Based on what I've see with DFO (Dept. of Fisheries and Oceans) since I've been here, it goes through phases. In know there was a significant hiring freeze in the 80's which perhaps you witnessed first-hand. That stayed in effect for all positions other than those deemed too important to lose by the powers that be, so in reality, very few new permanent employees were hired. To cope with this, researchers looked to term (with a clause that they wouldn't be hired as permanent following the term), casual, and contract employees to deal with the labor shortages. Not a good situation for the employers or the employees. That said, things were relatively good for a few years in the early 2000's, then with the change in government and economic/recession issues, funding got cut, and accounting practices were changed (no longer allowed to fund permanent employees using B-base (government issued project funds) or C-base (outside funding) money) which essentially put every department into a deficit position over night, and again put the clamps on outright hiring.

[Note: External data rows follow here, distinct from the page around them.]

(* In the construction described in the context, assume Assumption 4.3 and Assumption 4.4 hold. Then for every extended state $(\xi,\vec\theta)\in\Xi\times\{-1,1\}^n$ and every $i\in\mathcal{A}(\xi)$ there exists $m\in\mathbb{N}$ with $$\mathcal{K}^m\big((\xi,\vec\theta),(\xi,R_i(\vec\theta))\big)>0.$$
   Context: Let $\Xi$ be a countable set, $\tilde\pi$ a probability measure on $\Xi$ and $\tilde Q$ a Markov kernel on $\Xi$. Assumption 4.3: (i) $\tilde\pi(\xi)>0$ for all $\xi$; (ii) $\tilde Q(\xi,\xi')\ne0$ iff $\tilde Q(\xi',\xi)\ne0$; (iii) the chain generated by $\tilde Q$ is irreducible. State graph $\mathcal{G}=(\mathcal{V},\mathcal{E})$, $\mathcal{V}=\Xi$, $\mathcal{E}=\{(\xi,\xi'):\tilde Q(\xi,\xi')>0\}$. For $i=1,\dots,n$, $\mathcal{G}_i^+=(\mathcal{V}_i,\mathcal{E}_i^+)$ are directed subgraphs of $\mathcal{G}$ without isolated vertices; $\mathcal{E}_i^-=\{(u,v):(v,u)\in\mathcal{E}_i^+\}$, $\mathcal{E}_i=\mathcal{E}_i^+\cup\mathcal{E}_i^-$, with $\mathcal{V}=\bigcup_i\mathcal{V}_i$, $\mathcal{E}=\bigcup_i\mathcal{E}_i$. $\mathcal{N}_i^{\pm}(\xi)=\{\xi':(\xi,\xi')\in\mathcal{E}_i^{\pm}\}$, and $\mathcal{N}_i^\theta$ is $\mathcal{N}_i^+$ for $\theta=+1$, $\mathcal{N}_i^-$ for $\theta=-1$. Extended space $\mathcal{X}=\Xi\times\{-1,1\}^n$; $\mathcal{X}_i=\mathcal{V}_i\times\{-1,1\}^n$; $R_i$ flips the sign of the $i$-th component of $\vec\theta$; $S_i(\xi,\vec\theta)=(\xi,R_i(\vec\theta))$. For $(\xi,\vec\theta)\in\mathcal{X}_i$: $Q_i((\xi,\vec\theta),(\xi',\vec\theta'))=\tilde Q(\xi,\xi')/\tilde Q(\xi,\mathcal{N}_i^{\theta_i}(\xi))$ if $\xi'\in\mathcal{N}_i^{\theta_i}(\xi)$, $\vec\theta'=\vec\theta$; $=1$ if $\mathcal{N}_i^{\theta_i}(\xi)=\emptyset$, $\xi'=\xi$, $\vec\theta'=R_i(\vec\theta)$; $=0$ otherwise. Weights $\tilde\omega_i(\xi)=\tilde Q(\xi,\mathcal{N}_i^+(\xi))+\tilde Q(\xi,\mathcal{N}_i^-(\xi))$ (assumed to sum to one over $i$); $\mathcal{A}(\xi)=\{i:\tilde\omega_i(\xi)>0\}$. For $x=(\xi,\vec\theta)\in\mathcal{X}_i$, $x'=(\xi',\vec\theta')$: $r_i(x,x')=\frac{\tilde\omega_i(\xi')\tilde\pi(\xi')Q_i((\xi',R_i\vec\theta'),(\xi,R_i\vec\theta))}{\tilde\omega_i(\xi)\tilde\pi(\xi)Q_i((\xi,\vec\theta),(\xi',\vec\theta'))}$, $P_i(x,x')=Q_i(x,x')\min(1,r_i(x,x'))+\mathbb{1}_{\{S_i(x)\}}(x')[1-\sum_{\tilde x}Q_i(x,\tilde x)\min(1,r_i(x,\tilde x))]$, and $\mathcal{K}((\xi,\vec\theta),\cdot)=\sum_i\tilde\omega_i(\xi)P_i((\xi,\vec\theta),\cdot)$. Assumption 4.4: for every $(\xi,\vec\theta)\in\mathcal{X}$ and $i\in\mathcal{A}(\xi)$ there exist $m\in\mathbb{N}$, $\xi'\in\Xi$ with $P_i^m((\xi,\vec\theta),(\xi',R_i(\vec\theta)))>0$. *)

theory Defs
  imports "HOL-Analysis.Analysis"
begin

primrec kpow :: "'b set \<Rightarrow> ('b \<Rightarrow> 'b \<Rightarrow> real) \<Rightarrow> nat \<Rightarrow> 'b \<Rightarrow> 'b \<Rightarrow> real" where
  "kpow S K 0 x y = (if x = y then 1 else 0)"
| "kpow S K (Suc m) x y = (\<Sum>\<^sub>\<infinity>z\<in>S. K x z * kpow S K m z y)"

definition kset :: "('a \<Rightarrow> 'a \<Rightarrow> real) \<Rightarrow> 'a \<Rightarrow> 'a set \<Rightarrow> real" where
  "kset Q \<xi> A = (\<Sum>\<^sub>\<infinity>\<xi>'\<in>A. Q \<xi> \<xi>')"

definition Nplus :: "(nat \<Rightarrow> ('a \<times> 'a) set) \<Rightarrow> nat \<Rightarrow> 'a \<Rightarrow> 'a set" where
  "Nplus Ep i \<xi> = {\<xi>'. (\<xi>, \<xi>') \<in> Ep i}"

definition Nminus :: "(nat \<Rightarrow> ('a \<times> 'a) set) \<Rightarrow> nat \<Rightarrow> 'a \<Rightarrow> 'a set" where
  "Nminus Ep i \<xi> = {\<xi>'. (\<xi>', \<xi>) \<in> Ep i}"

definition Nsgn :: "(nat \<Rightarrow> ('a \<times> 'a) set) \<Rightarrow> nat \<Rightarrow> int \<Rightarrow> 'a \<Rightarrow> 'a set" where
  "Nsgn Ep i s \<xi> = (if s = 1 then Nplus Ep i \<xi> else Nminus Ep i \<xi>)"

text \<open>Direction vectors theta in {-1,1}^n are lists of length n (0-indexed); R_i flips entry i.\<close>
definition flip :: "nat \<Rightarrow> int list \<Rightarrow> int list" where
  "flip i \<theta> = \<theta>[i := - (\<theta> ! i)]"

definition Sflip :: "nat \<Rightarrow> 'a \<times> int list \<Rightarrow> 'a \<times> int list" where
  "Sflip i x = (fst x, flip i (snd x))"

definition Xspace :: "nat \<Rightarrow> ('a \<times> int list) set" where
  "Xspace n = {(\<xi>, \<theta>). length \<theta> = n \<and> set \<theta> \<subseteq> {-1, 1}}"

definition omega :: "('a \<Rightarrow> 'a \<Rightarrow> real) \<Rightarrow> (nat \<Rightarrow> ('a \<times> 'a) set) \<Rightarrow> nat \<Rightarrow> 'a \<Rightarrow> real" where
  "omega Q Ep i \<xi> = kset Q \<xi> (Nplus Ep i \<xi>) + kset Q \<xi> (Nminus Ep i \<xi>)"

definition Qi :: "('a \<Rightarrow> 'a \<Rightarrow> real) \<Rightarrow> (nat \<Rightarrow> ('a \<times> 'a) set) \<Rightarrow> nat
    \<Rightarrow> 'a \<times> int list \<Rightarrow> 'a \<times> int list \<Rightarrow> real" where
  "Qi Q Ep i x x' =
     (let \<xi> = fst x; \<theta> = snd x; \<xi>' = fst x'; \<theta>' = snd x'; N = Nsgn Ep i (\<theta> ! i) \<xi> in
      if N \<noteq> {} then (if \<xi>' \<in> N \<and> \<theta>' = \<theta> then Q \<xi> \<xi>' / kset Q \<xi> N else 0)
      else (if \<xi>' = \<xi> \<and> \<theta>' = flip i \<theta> then 1 else 0))"

definition ri :: "('a \<Rightarrow> real) \<Rightarrow> ('a \<Rightarrow> 'a \<Rightarrow> real) \<Rightarrow> (nat \<Rightarrow> ('a \<times> 'a) set) \<Rightarrow> nat
    \<Rightarrow> 'a \<times> int list \<Rightarrow> 'a \<times> int list \<Rightarrow> real" where
  "ri \<pi> Q Ep i x x' =
     (omega Q Ep i (fst x') * \<pi> (fst x') * Qi Q Ep i (Sflip i x') (Sflip i x))
     / (omega Q Ep i (fst x) * \<pi> (fst x) * Qi Q Ep i x x')"

definition Pi :: "('a \<Rightarrow> real) \<Rightarrow> ('a \<Rightarrow> 'a \<Rightarrow> real) \<Rightarrow> (nat \<Rightarrow> ('a \<times> 'a) set) \<Rightarrow> nat \<Rightarrow> nat
    \<Rightarrow> 'a \<times> int list \<Rightarrow> 'a \<times> int list \<Rightarrow> real" where
  "Pi \<pi> Q Ep n i x x' =
     Qi Q Ep i x x' * min 1 (ri \<pi> Q Ep i x x')
     + (if x' = Sflip i x
        then 1 - (\<Sum>\<^sub>\<infinity>y\<in>Xspace n. Qi Q Ep i x y * min 1 (ri \<pi> Q Ep i x y))
        else 0)"

definition Kker :: "('a \<Rightarrow> real) \<Rightarrow> ('a \<Rightarrow> 'a \<Rightarrow> real) \<Rightarrow> (nat \<Rightarrow> ('a \<times> 'a) set) \<Rightarrow> nat
    \<Rightarrow> 'a \<times> int list \<Rightarrow> 'a \<times> int list \<Rightarrow> real" where
  "Kker \<pi> Q Ep n x x' = (\<Sum>i<n. omega Q Ep i (fst x) * Pi \<pi> Q Ep n i x x')"

end

theory Submission
  imports Defs
begin

text \<open>A positive \<open>P\<^sub>i\<close>-move that changes the direction vector is the flip \<open>S\<^sub>i\<close>, and the
  Metropolis-Hastings ratio of the move \<open>S\<^sub>i y \<rightarrow> S\<^sub>i x\<close> is the reciprocal of that of
  \<open>x \<rightarrow> y\<close>; hence positive \<open>P\<^sub>i\<close>-paths can be reversed after conjugation by \<open>S\<^sub>i\<close>.
  By Assumption 4.4 a positive \<open>P\<^sub>i\<close>-path leads from \<open>(\<xi>, \<theta>)\<close> to some \<open>(\<xi>', R\<^sub>i \<theta>)\<close>.
  It keeps the direction \<open>\<theta>\<close> up to some \<open>(\<eta>, \<theta>)\<close>, flips to \<open>(\<eta>, R\<^sub>i \<theta>)\<close>, and the
  reversal of the first segment leads from there back to \<open>(\<xi>, R\<^sub>i \<theta>)\<close>. The weight \<open>\<omega>\<^sub>i\<close>
  stays positive along \<open>P\<^sub>i\<close>-paths, so each step is a positive step of \<open>K\<close>.\<close>

lemma flip_flip [simp]: "i < length \<theta> \<Longrightarrow> flip i (flip i \<theta>) = \<theta>"
  by (simp add: flip_def)

lemma nth_in_Xspace:
  assumes "(\<xi>, \<theta>) \<in> Xspace n" "i < n"
  shows "\<theta> ! i \<in> {-1, 1}"
  using assms nth_mem[of i \<theta>] unfolding Xspace_def by blast

lemma flip_in_Xspace:
  assumes "(\<xi>, \<theta>) \<in> Xspace n" "i < n"
  shows "(\<xi>, flip i \<theta>) \<in> Xspace n"
proof -
  have "\<theta> ! i \<in> {-1, 1}" using nth_in_Xspace[OF assms] .
  then show ?thesis
    using assms set_update_subset_insert[of \<theta> i "- (\<theta> ! i)"] by (auto simp: Xspace_def flip_def)
qed

lemma flip_neq:
  assumes "(\<xi>, \<theta>) \<in> Xspace n" "i < n"
  shows "flip i \<theta> \<noteq> \<theta>"
proof -
  have "\<theta> ! i \<in> {-1, 1}" using nth_in_Xspace[OF assms] .
  moreover have "flip i \<theta> ! i = - (\<theta> ! i)" using assms by (simp add: flip_def Xspace_def)
  ultimately show ?thesis by force
qed

lemma fst_Sflip [simp]: "fst (Sflip i x) = fst x"
  by (simp add: Sflip_def)

lemma Sflip_in_Xspace: "x \<in> Xspace n \<Longrightarrow> i < n \<Longrightarrow> Sflip i x \<in> Xspace n"
  by (cases x) (simp add: Sflip_def flip_in_Xspace)

lemma Sflip_Sflip: "x \<in> Xspace n \<Longrightarrow> i < n \<Longrightarrow> Sflip i (Sflip i x) = x"
  by (cases x) (simp add: Sflip_def Xspace_def)

lemma has_sum_sum:
  fixes f :: "'i \<Rightarrow> 'b \<Rightarrow> 'c::topological_comm_monoid_add"
  assumes "finite I" "\<And>i. i \<in> I \<Longrightarrow> (f i has_sum s i) A"
  shows "((\<lambda>x. \<Sum>i\<in>I. f i x) has_sum (\<Sum>i\<in>I. s i)) A"
  using assms by (induction I rule: finite_induct) (auto intro: has_sum_add)

lemma summable_on_mult_bounded:
  fixes k g :: "'b \<Rightarrow> real"
  assumes "k summable_on S" "\<And>z. z \<in> S \<Longrightarrow> 0 \<le> k z"
    and "\<And>z. z \<in> S \<Longrightarrow> 0 \<le> g z" "\<And>z. z \<in> S \<Longrightarrow> g z \<le> C"
  shows "(\<lambda>z. k z * g z) summable_on S"
  by (rule summable_on_comparison_test[OF summable_on_cmult_left[OF assms(1), of C]])
     (use assms in \<open>auto intro: mult_left_mono\<close>)

lemma kpow_nonzero_imp_rtranclp:
  assumes "kpow S K m x y \<noteq> 0"
  shows "(\<lambda>a b. b \<in> S \<and> K a b \<noteq> 0)\<^sup>*\<^sup>* x y"
  using assms
proof (induction m arbitrary: x)
  case 0
  then show ?case by (simp split: if_splits)
next
  case (Suc m)
  then obtain z where "z \<in> S" "K x z \<noteq> 0" "kpow S K m z y \<noteq> 0"
    by (metis (no_types, lifting) infsum_0 kpow.simps(2) mult_eq_0_iff)
  with Suc.IH show ?case by (auto intro: converse_rtranclp_into_rtranclp)
qed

I was in a similar situation to you roughly 2 years ago, but not only did "my" position get canned, the competition being held to replace my boss at the time also got cancelled midway through the process. Brutal. None the less, I'm still here, still being paid, but it's all outside the "official hiring process".


----------



## MoneyGal (Apr 24, 2009)

I shouldn't put that upset smiley. I left, with a boss, and we contracted back to the federal government for years.


----------



## Berubeland (Sep 6, 2009)

Hi,

Prices in Halifax are nowhere near as crazy as Toronto, and it is indeed possible to buy a house and rent out part of it to increase your stability. 

This is how I bought my house that is a duplex. I was and still am self employed. 

I was at the time paying $750 per month rent plus hydro and heat for my place. 

I bought my house with 25% down. The mortgage payments were $750 per month. I had to pay utilities. The downstairs apartment was rented for $700 per month. I chose to use that money to make double payments on the mortgage. 

Every month I was able to pay the $1500. Except for 1 where I paid the $750. 

The house was small and awful but I knew I could pay it as I was already paying rent in that amount. I also knew that if I hit some kind of hardship I could just use the money from the tenant to pay the mortgage and just make a single payment. 

I did not stretch myself to buy the house, I just substituted one expense for another. My housing costs did increase but that was not a necessity. I could have chosen to go back to a single payment if I wanted to. 

Most people don't really use this strategy, for them their house is like a reflection of their status. The bigger the house the more successful they are in their own mind. I don't suffer from those delusions, while I do have a great affection for this house, I don't care about what people think about me or my house. 

I have at times been very good at generating income but once you start hiring staff and paying rent and paying a mortgage... holy crow! I remember some times payday, rent day for the industrial shop, and mortgage day were the same day, I would literally break out in hives from the stress. Customers don't really care when your pay days and rent days are they tend to pay you when they get around to it. 

So in a job where you know your income is or can be unstable, you may want to emulate my strategy, and create greater security for yourself and your family.


----------



## sisco (Oct 18, 2011)

Thanks for the advice Berubeland!

Seems like you and I have/had similar plans for our first homes. When the time comes, I'm looking to acquire something inexpensive - likely a two bedroom duplex, possibly three bedroom if the price is right. In the long term when I'm feeling more financially secure I'm planning to move my own primary residence somewhere else, and begin renting both units. I don't expect this first stop to be a big step up in size from the 2-bedroom apartment I am in now - the key difference will be that I own it!


----------